Итак, два десятка фамилий, люди из разных республик и городов. Девяносто девять шансов из ста, что никто из них отношения к убийству не имеет, убитого не знает, и вообще, газета положена в карман, чтобы в магазине хлеб завернуть. Но один шанс есть, ибо зачем человеку носить половину старой газеты во внутреннем кармане, где обычно лежат документы и деньги? С другой стороны, не могли же его интересовать все материалы? Наверное, один, но за три месяца его можно выучить, как песню. Кроме того, можно было сделать вырезку. Наконец, эти три месяца пиджак с газетой мог висеть на вешалке. Многовато загадок, думаю я, хватит на первый день.

Я подвигаю кресло к окну, обмякаю в нем и смотрю на редкие созвездия, слабо сияющие на тусклом небе. Локтев начинает читать по второму разу, выписывая нечто в блокнот.

Засыпать, как нормальные люди, то есть лечь в постель, накрыться, смежить веки и через минуту уснуть, я не умею. Мне обязательно надо готовиться ко сну: отрешиться от дневных забот, расслабиться, подвести итоги, освободиться от них, придумать что-либо приятное. Это ритуал, рефлекс, который я долго вырабатывал и о котором не жалею. Это полчаса полной воли, самое приятное время следствия, его нирвана.

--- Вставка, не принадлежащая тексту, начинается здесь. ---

lemma non_cut_inside_letter:
  "n < length (morph h \<eta>) \<Longrightarrow> n \<notin> cuts h \<eta> \<Longrightarrow> \<exists>cd. inside_letter h \<eta> n cd"
proof (induction \<eta> arbitrary: n)
  case (Cons c \<eta>)
  show ?case
  proof (cases "n < length (h c)")
    case True
    moreover have "n \<noteq> 0"
      using Cons.prems(2) by (auto simp: cuts_Cons)
    ultimately have "inside_letter h (c # \<eta>) n (c, n)"
      unfolding inside_letter_def by (intro exI[of _ "[]"] exI[of _ \<eta>]) simp
    then show ?thesis ..
  next
    case False
    then have "n - length (h c) \<notin> cuts h \<eta>" "n \<noteq> length (h c)"
      using Cons.prems(2) by (auto simp: cuts_Cons image_iff)
    moreover have "n - length (h c) < length (morph h \<eta>)"
      using Cons.prems(1) False by simp
    ultimately obtain cd y z where "\<eta> = y @ fst cd # z" "length (morph h y) + snd cd = n - length (h c)"
      "0 < snd cd" "snd cd < length (h (fst cd))"
      using Cons.IH unfolding inside_letter_def by blast
    then have "inside_letter h (c # \<eta>) n cd"
      unfolding inside_letter_def using False by (intro exI[of _ "c # y"] exI[of _ z]) auto
    then show ?thesis ..
  qed
qed simp

lemma occurrence_suffix_in_letter:
  assumes "p @ u @ s = morph h \<eta>" "\<eta> = y @ c # z" "length (morph h y) + d = length p + t"
    "t \<le> length u" "d \<le> length (h c)"
  shows "drop t u @ s = drop d (h c) @ morph h z"
proof -
  have "drop (length p + t) (morph h \<eta>) = drop d (h c) @ morph h z"
    unfolding assms(2) using assms(5) by (simp flip: assms(3))
  then show ?thesis
    using assms(4) by (simp flip: assms(1))
qed

text \<open>Here \<open>i\<close> and \<open>j\<close> are the positions of two occurrences of the same word of length \<open>n\<close>
  in \<open>morph h \<zeta>\<close> and \<open>morph h \<eta>\<close>.\<close>

definition no_common_cut :: "('a \<Rightarrow> 'b list) \<Rightarrow> 'a list \<Rightarrow> nat \<Rightarrow> 'a list \<Rightarrow> nat \<Rightarrow> nat \<Rightarrow> bool" where
  "no_common_cut h \<zeta> i \<eta> j n \<longleftrightarrow> (\<forall>t \<le> n. i + t \<in> cuts h \<zeta> \<longrightarrow> j + t \<notin> cuts h \<eta>)"

lemma no_common_cut_inside_letter:
  assumes G: "p2 @ u @ s2 = morph h \<eta>"
    and disjoint: "no_common_cut h \<zeta> (length p1) \<eta> (length p2) (length u)"
    and "length p1 + t \<in> cuts h \<zeta>" "t < length u"
  shows "\<exists>cd. inside_letter h \<eta> (length p2 + t) cd"
proof (rule non_cut_inside_letter)
  show "length p2 + t < length (morph h \<eta>)"
    using assms(4) by (simp flip: G)
  show "length p2 + t \<notin> cuts h \<eta>"
    using disjoint assms(3,4) unfolding no_common_cut_def by simp
qed

lemma common_cuts_propagate:
  assumes inj: "inj (morph h)"
    and F: "p1 @ u @ s1 = morph h \<zeta>" and G: "p2 @ u @ s2 = morph h \<eta>"
    and a: "length p1 + a \<in> cuts h \<zeta>" "length p2 + a \<in> cuts h \<eta>"
    and b: "length p1 + b \<in> cuts h \<zeta>" "length p2 + b \<in> cuts h \<eta>"
    and c: "length p1 + c \<in> cuts h \<zeta>" "a \<le> c" "c \<le> b" "b \<le> length u"
  shows "length p2 + c \<in> cuts h \<eta>"
proof -
  have ne: "\<And>a. h a \<noteq> []"
    using inj_morph_nonerasing[OF inj] .
  obtain xa where xa: "prefix xa \<zeta>" "length (morph h xa) = length p1 + a"
    using a(1) by (rule in_cutsE) simp
  obtain xb where xb: "prefix xb \<zeta>" "length (morph h xb) = length p1 + b"
    using b(1) by (rule in_cutsE) simp
  obtain xc where xc: "prefix xc \<zeta>" "length (morph h xc) = length p1 + c"
    using c(1) by (rule in_cutsE) simp
  obtain ya where ya: "prefix ya \<eta>" "length (morph h ya) = length p2 + a"
    using a(2) by (rule in_cutsE) simp
  obtain yb where yb: "prefix yb \<eta>" "length (morph h yb) = length p2 + b"
    using b(2) by (rule in_cutsE) simp
  have "prefix xa xc"
    using prefix_by_length_morph[of h, OF ne xa(1) xc(1)] xa(2) xc(2) c(2) by simp
  moreover have "prefix xc xb"
    using prefix_by_length_morph[of h, OF ne xc(1) xb(1)] xc(2) xb(2) c(3) by simp
  moreover have "prefix ya yb"
    using prefix_by_length_morph[of h, OF ne ya(1) yb(1)] ya(2) yb(2) c(2,3) by simp
  ultimately obtain \<tau> \<sigma>1 \<sigma>2 where \<tau>: "xc = xa @ \<tau>" and \<sigma>1: "xb = xa @ \<sigma>1" and \<sigma>2: "yb = ya @ \<sigma>2"
    using prefix_order.trans by (meson prefixE)
  have "take a u @ morph h \<sigma>1 = take b u"
    using morph_prefix_in_occurrence[OF F xa] morph_prefix_in_occurrence[OF F xb] \<sigma>1 c by simp
  moreover have "take a u @ morph h \<sigma>2 = take b u"
    using morph_prefix_in_occurrence[OF G ya] morph_prefix_in_occurrence[OF G yb] \<sigma>2 c by simp
  ultimately have "morph h \<sigma>1 = morph h \<sigma>2"
    by (metis same_append_eq)
  then have "\<sigma>1 = \<sigma>2"
    by (rule injD[OF inj])
  moreover have "prefix \<tau> \<sigma>1"
    using \<open>prefix xc xb\<close> \<tau> \<sigma>1 by simp
  ultimately have "prefix (ya @ \<tau>) yb"
    using \<sigma>2 by simp
  then have "prefix (ya @ \<tau>) \<eta>"
    using yb(1) by (rule prefix_order.trans)
  moreover have "length (morph h (ya @ \<tau>)) = length p2 + c"
    using \<tau> xa(2) xc(2) ya(2) c(2) by simp
  ultimately show ?thesis
    by (rule in_cutsI)
qed

lemma no_common_cut_after:
  assumes inj: "inj (morph h)"
    and F: "p1 @ u @ s1 = morph h \<zeta>" and G: "p2 @ u @ s2 = morph h \<eta>"
    and a: "a \<le> c" "length p1 + a \<in> cuts h \<zeta>" "length p2 + a \<in> cuts h \<eta>"
    and c: "length p1 + c \<in> cuts h \<zeta>" "length p2 + c \<notin> cuts h \<eta>" "c \<le> length u"
  shows "no_common_cut h \<zeta> (length p1 + c) \<eta> (length p2 + c) (length u - c)"
  unfolding no_common_cut_def
proof (intro allI impI notI)
  fix t
  assume "t \<le> length u - c" "length p1 + c + t \<in> cuts h \<zeta>" "length p2 + c + t \<in> cuts h \<eta>"
  then have "c + t \<le> length u" "length p1 + (c + t) \<in> cuts h \<zeta>" "length p2 + (c + t) \<in> cuts h \<eta>"
    using c(3) by (simp_all add: add.assoc)
  then show False
    using common_cuts_propagate[OF inj F G a(2,3) _ _ c(1) a(1)] c(2) le_add1 by blast
qed

lemma pigeonhole_window:
  assumes "finite B" "f ` {a..a + card B} \<subseteq> B"
  obtains j j' where "a \<le> j" "j < j'" "j' \<le> a + card B" "f j = f j'"
proof -
  have "card (f ` {a..a + card B}) < card {a..a + card B}"
    using card_mono[OF assms] by simp
  then have "\<not> inj_on f {a..a + card B}"
    by (rule pigeonhole)
  then obtain j j' where "j \<in> {a..a + card B}" "j' \<in> {a..a + card B}" "j \<noteq> j'" "f j = f j'"
    unfolding inj_on_def by blast
  then show thesis
    using that[of j j'] that[of j' j] by (cases "j < j'") auto
qed

section \<open>Repetitions and the asymptotic critical exponent\<close>

lemma prefix_map_upt: "n \<le> n' \<Longrightarrow> prefix (map w [0..<n]) (map w [0..<n'])"
  using upt_add_eq_append[of 0 n "n' - n"] by (auto intro: prefixI)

Я смотрю в окно и вижу другие звездные ночи, красивые, с множеством ярких звезд в черном небе, звездные отражения в озере, зимние звезды над снежным полем, осенние звездопады, туманную поволоку Млечного Пути. Это мои воспоминания или мечты — не могу отличить, ведь между памятью и воображением нет резкой границы. Потом воображаемые звезды отодвигаются, гаснут, их закрывает занавес мрака, и он колышется, совсем как занавес в театре после звонка. Там, за занавесом, идут последние приготовления к спектаклю. Топочут сапоги рабочих сцены. Костюмерша сдувает пылинки с сутаны ксендза, реквизитор ставит подсвечник возле иконы, вкладывает в карман главного героя загадочную газету, некто держит в сумке кота, помреж садится к пульту, включает рампу, художник по свету готовит свой проекционный фонарь… Черный занавес раздвигается. Это театр. Нелепый, бессмысленный спектакль. Воскресший покойник садится на скамью и, не произнося слов, дожидается, когда наступит его время умереть… Вот художник, поводив по заднику кистью, спрыгивает с подмостей и удаляется в кафе выпить вина… Он удаляется, и по закону сцены на ней тут же возникает новый персонаж — существо в сапогах. Сильной лапой он хватает подсвечник и опускает его на голову жертвы. Просто так, чтобы из уст старого ксендза извергся крик страха… Потом он уходит, а художник возвращается, будто между ними установлена связь. Уныло выходит из-за кулис Жолтак с топором в руках, преклоняет колено, крестится и уходит. Эпизод сыгран, но неудачно — он забыл произнести положенный текст и возвращается на сцену, однако вечером… Буйницкий расхаживает вдоль костельной ограды и с серьезностью пенсионера вдыхает свежий воздух. Словно под сводами костела его душит запах тления или он очумел от гудения органных труб, которые нагнетают тревогу… Под звуки хорала неслышно крадется Белов украсть шитое полотенце… Надышавшийся свежим воздухом сакристиан начинает тереть хоругвью бронзовый подсвечник, он делает это с тщанием дворецкого… Серый вылавливает из кастрюльки куриную грудку… Ксендз пишет рассказ о своих переживаниях… Пьяный органист возвещает действующим лицам, что их поглотит земля…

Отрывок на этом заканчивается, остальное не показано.